── Source material
(* Let $N\ge2$ be an integer and let $\sigma$ be a finite nonempty set of functions $\mathbb{Z}_2\to\mathbb{Z}_N$ that is totally indistinguishable. Then the standard oracle operators $\{U_f: f\in\sigma\}$ are not unambiguously distinguishable.
   Context: A set $\sigma$ of functions $\mathbb{Z}_M\to\mathbb{Z}_N$ is totally indistinguishable if for every $x\in\mathbb{Z}_M$ and every $f\in\sigma$ there exists $f'\in\sigma$ with $f'\neq f$ and $f'(x)=f(x)$. Let $\mathcal{H}_2,\mathcal{H}_N$ be Hilbert spaces with orthonormal bases $\{|x\rangle\}_{x\in\mathbb{Z}_2}$, $\{|y\rangle\}_{y\in\mathbb{Z}_N}$. For $f:\mathbb{Z}_2\to\mathbb{Z}_N$ the standard oracle operator is the unitary $U_f$ on $\mathcal{H}_2\otimes\mathcal{H}_N$ with $U_f|x\rangle\otimes|y\rangle=|x\rangle\otimes|y\oplus f(x)\rangle$, $\oplus$ being addition mod $N$. A finite list of unitary operators $W_1,\ldots,W_K$ on a finite-dimensional Hilbert space $\mathcal{H}$ is called unambiguously distinguishable if there exist a finite-dimensional ancilla space $\mathcal{H}_A$ and a unit vector $|\psi\rangle\in\mathcal{H}\otimes\mathcal{H}_A$ such that the vectors $(W_j\otimes\mathbb{1}_A)|\psi\rangle$ are linearly independent. *)

theory Defs
  imports Complex_Main "HOL-Library.FuncSet"
begin

text \<open>Functions Z_M -> Z_N are represented as extensional functions
  nat => nat in {0..<M} ->E {0..<N}.  Elements of Z_M are 0..M-1.\<close>

definition totally_indist :: "nat set \<Rightarrow> (nat \<Rightarrow> nat) set \<Rightarrow> bool" where
  "totally_indist X \<sigma> \<longleftrightarrow>
     (\<forall>x\<in>X. \<forall>f\<in>\<sigma>. \<exists>f'\<in>\<sigma>. f' \<noteq> f \<and> f' x = f x)"

text \<open>An operator on a finite-dimensional Hilbert space with orthonormal basis
  indexed by the finite set B is given by its matrix W b b' = <b|W|b'>.
  Vectors of H (x) H_A, where H_A has orthonormal basis indexed by {0..<d},
  are functions on B \<times> {0..<d} (extended by zero).\<close>

definition tensor_id_apply ::
  "'b set \<Rightarrow> ('b \<Rightarrow> 'b \<Rightarrow> complex) \<Rightarrow> ('b \<times> nat \<Rightarrow> complex) \<Rightarrow> ('b \<times> nat \<Rightarrow> complex)" where
  "tensor_id_apply B W \<psi> = (\<lambda>(b, a). \<Sum>b'\<in>B. W b b' * \<psi> (b', a))"

text \<open>Unambiguous distinguishability of the family (W i) for i in I (the list
  W_1..W_K indexed by I): some finite-dimensional ancilla (dimension d) and
  unit vector psi such that the vectors (W i (x) 1) psi are linearly independent.\<close>

definition unamb_dist ::
  "'b set \<Rightarrow> 'i set \<Rightarrow> ('i \<Rightarrow> 'b \<Rightarrow> 'b \<Rightarrow> complex) \<Rightarrow> bool" where
  "unamb_dist B I W \<longleftrightarrow>
     (\<exists>d::nat. d \<ge> 1 \<and> (\<exists>\<psi> :: 'b \<times> nat \<Rightarrow> complex.
        (\<forall>p. p \<notin> B \<times> {0..<d} \<longrightarrow> \<psi> p = 0) \<and>
        (\<Sum>p\<in>B \<times> {0..<d}. (cmod (\<psi> p))\<^sup>2) = 1 \<and>
        (\<forall>c :: 'i \<Rightarrow> complex.
           (\<forall>p\<in>B \<times> {0..<d}. (\<Sum>i\<in>I. c i * tensor_id_apply B (W i) \<psi> p) = 0)
           \<longrightarrow> (\<forall>i\<in>I. c i = 0))))"

text \<open>Standard query operator U_f |x>|y> = |x>|y + f x mod N>, on basis {0..<2} \<times> {0..<N}.\<close>

definition std_oracle_op :: "nat \<Rightarrow> (nat \<Rightarrow> nat) \<Rightarrow> (nat \<times> nat) \<Rightarrow> (nat \<times> nat) \<Rightarrow> complex" where
  "std_oracle_op N f = (\<lambda>(x, y) (x', y'). if x = x' \<and> y = (y' + f x') mod N then 1 else 0)"

end

theory Submission
  imports Defs "HOL-Library.Function_Algebras"
begin

text \<open>The output vector \<open>(U\<^sub>f \<otimes> 1)\<psi>\<close> splits as \<open>u\<^bsub>f 0\<^esub> + v\<^bsub>f 1\<^esub>\<close>,
  where \<open>u\<^sub>k\<close> (resp. \<open>v\<^sub>k\<close>) is the part of \<psi> with query register \<open>|0\<rangle>\<close>
  (resp. \<open>|1\<rangle>\<close>) with its answer register shifted by \<open>k\<close>. Fixing one value \<open>k\<^sub>0\<close>
  of \<open>f 1\<close>, all outputs therefore lie in the span of the vectors \<open>u\<^sub>k + v\<^bsub>k\<^sub>0\<^esub>\<close>
  and \<open>v\<^sub>k - v\<^bsub>k\<^sub>0\<^esub>\<close>, whose number is \<open>|L| + |R| - 1\<close> for the value sets \<open>L\<close>, \<open>R\<close>
  of \<open>f 0\<close>, \<open>f 1\<close> on \<sigma>. Total indistinguishability means that every such value
  is taken at least twice, so \<open>|L|, |R| \<le> |\<sigma>| / 2\<close>, and the \<open>|\<sigma>|\<close> outputs
  cannot be linearly independent.\<close>

lemma double_card_image_le:
  assumes "finite S" and "\<forall>x\<in>S. \<exists>y\<in>S. y \<noteq> x \<and> h y = h x"
  shows "2 * card (h ` S) \<le> card S"
proof -
  have "(\<Sum>z\<in>h ` S. 2) \<le> (\<Sum>z\<in>h ` S. card {x \<in> S. h x = z})"
  proof (rule sum_mono)
    fix z assume "z \<in> h ` S"
    then obtain x y where "x \<in> S" "y \<in> S" "y \<noteq> x" "h x = z" "h y = z"
      using assms(2) by force
    then have "card {x, y} \<le> card {x \<in> S. h x = z}"
      by (intro card_mono) (use assms(1) in auto)
    with \<open>y \<noteq> x\<close> show "2 \<le> card {x \<in> S. h x = z}" by simp
  qed
  also have "\<dots> = card S"
    using sum.group[OF assms(1) finite_imageI[OF assms(1)] subset_refl, where g = h and h = "\<lambda>_. 1::nat"]
    by simp
  finally show ?thesis by simp
qed

context vector_space
begin

lemma dependent_family_if_card_span_less:
  fixes g :: "'i \<Rightarrow> 'b"
  assumes I: "finite I" and S: "finite S" and card_less: "card S < card I"
    and span: "g ` I \<subseteq> span S"
  obtains c where "(\<Sum>i\<in>I. c i *s g i) = 0" and "\<exists>i\<in>I. c i \<noteq> 0"
proof (cases "inj_on g I")
  case False
  then obtain i j where ij: "i \<in> I" "j \<in> I" "i \<noteq> j" "g i = g j"
    by (auto simp: inj_on_def)
  define c :: "'i \<Rightarrow> 'a" where "c k = (if k = i then 1 else if k = j then -1 else 0)" for k
  have "(\<Sum>k\<in>I. c k *s g k) = (\<Sum>k\<in>{i, j}. c k *s g k)"
    by (rule sum.mono_neutral_right) (use I ij in \<open>auto simp: c_def\<close>)
  also have "\<dots> = 0"
    using ij by (simp add: c_def)
  finally have "(\<Sum>k\<in>I. c k *s g k) = 0" .
  moreover have "c i \<noteq> 0"
    by (simp add: c_def)
  ultimately show ?thesis
    using that ij(1) by blast
next
  case True
  then have "dependent (g ` I)"
    using independent_span_bound[OF S _ span] card_less by (auto simp: card_image)
  then obtain u where u: "\<exists>v\<in>g ` I. u v \<noteq> 0" "(\<Sum>v\<in>g ` I. u v *s v) = 0"
    using dependent_finite I by auto
  have "(\<Sum>i\<in>I. u (g i) *s g i) = 0"
    using u(2) by (simp add: sum.reindex[OF True])
  then show ?thesis
    using that u(1) by auto
qed

lemma sum_family_span_subset:
  assumes I: "finite I" "I \<noteq> {}"
  obtains S where "finite S" and "card S < card (a ` I) + card (b ` I)"
    and "(\<lambda>i. u (a i) + v (b i)) ` I \<subseteq> span S"
proof -
  obtain i\<^sub>0 where "i\<^sub>0 \<in> I"
    using I(2) by blast
  define S where "S = (\<lambda>x. u x + v (b i\<^sub>0)) ` a ` I \<union> (\<lambda>y. v y - v (b i\<^sub>0)) ` (b ` I - {b i\<^sub>0})"
  have "card S \<le> card (a ` I) + card (b ` I - {b i\<^sub>0})"
    unfolding S_def
    by (rule order_trans[OF card_Un_le add_mono[OF card_image_le card_image_le]]) (use I in auto)
  also have "\<dots> < card (a ` I) + card (b ` I)"
    using I \<open>i\<^sub>0 \<in> I\<close> card_gt_0_iff[of "b ` I"] by auto
  finally have "card S < card (a ` I) + card (b ` I)" .
  moreover have "u (a i) + v (b i) \<in> span S" if "i \<in> I" for i
  proof -
    have "u (a i) + v (b i\<^sub>0) \<in> span S"
      using that by (intro span_base) (auto simp: S_def)
    moreover have "v (b i) - v (b i\<^sub>0) \<in> span S"
      using that by (cases "b i = b i\<^sub>0") (auto intro: span_base simp: S_def span_zero)
    ultimately have "(u (a i) + v (b i\<^sub>0)) + (v (b i) - v (b i\<^sub>0)) \<in> span S"
      by (rule span_add)
    then show ?thesis
      by simp
  qed
  moreover have "finite S"
    using I(1) by (simp add: S_def)
  ultimately show ?thesis
    using that by blast
qed

lemma dependent_sum_family_if_values_repeated:
  assumes I: "finite I" "I \<noteq> {}"
    and a: "\<forall>i\<in>I. \<exists>j\<in>I. j \<noteq> i \<and> a j = a i"
    and b: "\<forall>i\<in>I. \<exists>j\<in>I. j \<noteq> i \<and> b j = b i"
  obtains c where "(\<Sum>i\<in>I. c i *s (u (a i) + v (b i))) = 0" and "\<exists>i\<in>I. c i \<noteq> 0"
proof -
  obtain S where S: "finite S" "card S < card (a ` I) + card (b ` I)"
    and span: "(\<lambda>i. u (a i) + v (b i)) ` I \<subseteq> span S"
    by (rule sum_family_span_subset[OF I])
  have "card S < card I"
    using S(2) double_card_image_le[OF I(1) a] double_card_image_le[OF I(1) b] by linarith
  from dependent_family_if_card_span_less[OF I(1) S(1) this span] that show ?thesis .
qed

end

interpretation fun_vector_space: vector_space "\<lambda>(c::complex) (v::'x \<Rightarrow> complex) x. c * v x"
  by unfold_locales (simp_all add: fun_eq_iff algebra_simps)

lemma sum_fun_apply: "(\<Sum>i\<in>A. F i) x = (\<Sum>i\<in>A. F i x)"
  for F :: "'i \<Rightarrow> 'x \<Rightarrow> 'a::comm_monoid_add"
  by (induction A rule: infinite_finite_induct) auto

lemma not_unamb_dist_if_dependent:
  assumes "\<And>\<psi>. \<exists>c. (\<forall>p. (\<Sum>i\<in>I. c i * tensor_id_apply B (W i) \<psi> p) = 0) \<and> (\<exists>i\<in>I. c i \<noteq> 0)"
  shows "\<not> unamb_dist B I W"
  using assms unfolding unamb_dist_def by meson

text \<open>\<open>oracle_branch N x\<^sub>0 \<psi> k\<close> is the component of \<open>(U\<^sub>f \<otimes> 1)\<psi>\<close> on query
  register \<open>|x\<^sub>0\<rangle>\<close> for any \<open>f\<close> with \<open>f x\<^sub>0 = k\<close>.\<close>

definition oracle_branch ::
  "nat \<Rightarrow> nat \<Rightarrow> ((nat \<times> nat) \<times> nat \<Rightarrow> complex) \<Rightarrow> nat \<Rightarrow> (nat \<times> nat) \<times> nat \<Rightarrow> complex" where
  "oracle_branch N x\<^sub>0 \<psi> k = (\<lambda>((x, y), a).
     if x = x\<^sub>0 then (\<Sum>y'\<in>{0..<N}. if y = (y' + k) mod N then \<psi> ((x\<^sub>0, y'), a) else 0) else 0)"

lemma std_oracle_apply_eq_branches:
  "tensor_id_apply ({0..<2} \<times> {0..<N}) (std_oracle_op N f) \<psi> p =
     oracle_branch N 0 \<psi> (f 0) p + oracle_branch N 1 \<psi> (f 1) p"
proof -
  obtain x y a where p: "p = ((x, y), a)"
    by (metis prod.collapse)
  have "tensor_id_apply ({0..<2} \<times> {0..<N}) (std_oracle_op N f) \<psi> p =
      (\<Sum>x'\<in>{0..<2}. \<Sum>y'\<in>{0..<N}. (if x = x' \<and> y = (y' + f x') mod N then 1 else 0) * \<psi> ((x', y'), a))"
    unfolding p tensor_id_apply_def std_oracle_op_def
    by (simp add: sum.cartesian_product split_beta)
  also have "\<dots> = (\<Sum>x'\<in>{0, 1}. \<Sum>y'\<in>{0..<N}. (if x = x' \<and> y = (y' + f x') mod N then 1 else 0) * \<psi> ((x', y'), a))"
    by (rule sum.cong) auto
  also have "\<dots> = oracle_branch N 0 \<psi> (f 0) p + oracle_branch N 1 \<psi> (f 1) p"
    unfolding p oracle_branch_def by (cases "x = 0"; cases "x = 1") (auto intro: sum.cong)
  finally show ?thesis .
qed

theorem theorem5:
  fixes N :: nat and \<sigma> :: "(nat \<Rightarrow> nat) set"
  assumes "N \<ge> 2"
    and "finite \<sigma>" and "\<sigma> \<noteq> {}"
    and "\<sigma> \<subseteq> {0..<2} \<rightarrow>\<^sub>E {0..<N}"
    and "totally_indist {0..<2} \<sigma>"
  shows "\<not> unamb_dist ({0..<2} \<times> {0..<N}) \<sigma> (std_oracle_op N)"
proof (rule not_unamb_dist_if_dependent)
  fix \<psi> :: "(nat \<times> nat) \<times> nat \<Rightarrow> complex"
  have "\<forall>f\<in>\<sigma>. \<exists>f'\<in>\<sigma>. f' \<noteq> f \<and> f' 0 = f 0" "\<forall>f\<in>\<sigma>. \<exists>f'\<in>\<sigma>. f' \<noteq> f \<and> f' 1 = f 1"
    using assms(5) by (simp_all add: totally_indist_def)
  then obtain c where
    c: "(\<Sum>f\<in>\<sigma>. (\<lambda>p. c f * (oracle_branch N 0 \<psi> (f 0) + oracle_branch N 1 \<psi> (f 1)) p)) = 0"
    and "\<exists>f\<in>\<sigma>. c f \<noteq> 0"
    by (rule fun_vector_space.dependent_sum_family_if_values_repeated[OF assms(2,3),
        where u = "oracle_branch N 0 \<psi>" and v = "oracle_branch N 1 \<psi>"])
  moreover have "\<forall>p. (\<Sum>f\<in>\<sigma>. c f * tensor_id_apply ({0..<2} \<times> {0..<N}) (std_oracle_op N f) \<psi> p) = 0"
    using fun_cong[OF c] by (simp add: sum_fun_apply std_oracle_apply_eq_branches distrib_left)
  ultimately show "\<exists>c. (\<forall>p. (\<Sum>f\<in>\<sigma>. c f * tensor_id_apply ({0..<2} \<times> {0..<N}) (std_oracle_op N f) \<psi> p) = 0)
      \<and> (\<exists>f\<in>\<sigma>. c f \<noteq> 0)"
    by blast
qed

end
────
▶ _Aim of the task_
Which lines of the data above contain the string "outputs"? Copy each of them.

▶ _Solved problem_
  of \<open>f 1\<close>, all outputs therefore lie in the span of the vectors \<open>u\<^sub>k + v\<^bsub>k\<^sub>0\<^esub>\<close>
  is taken at least twice, so \<open>|L|, |R| \<le> |\<sigma>| / 2\<close>, and the \<open>|\<sigma>|\<close> outputs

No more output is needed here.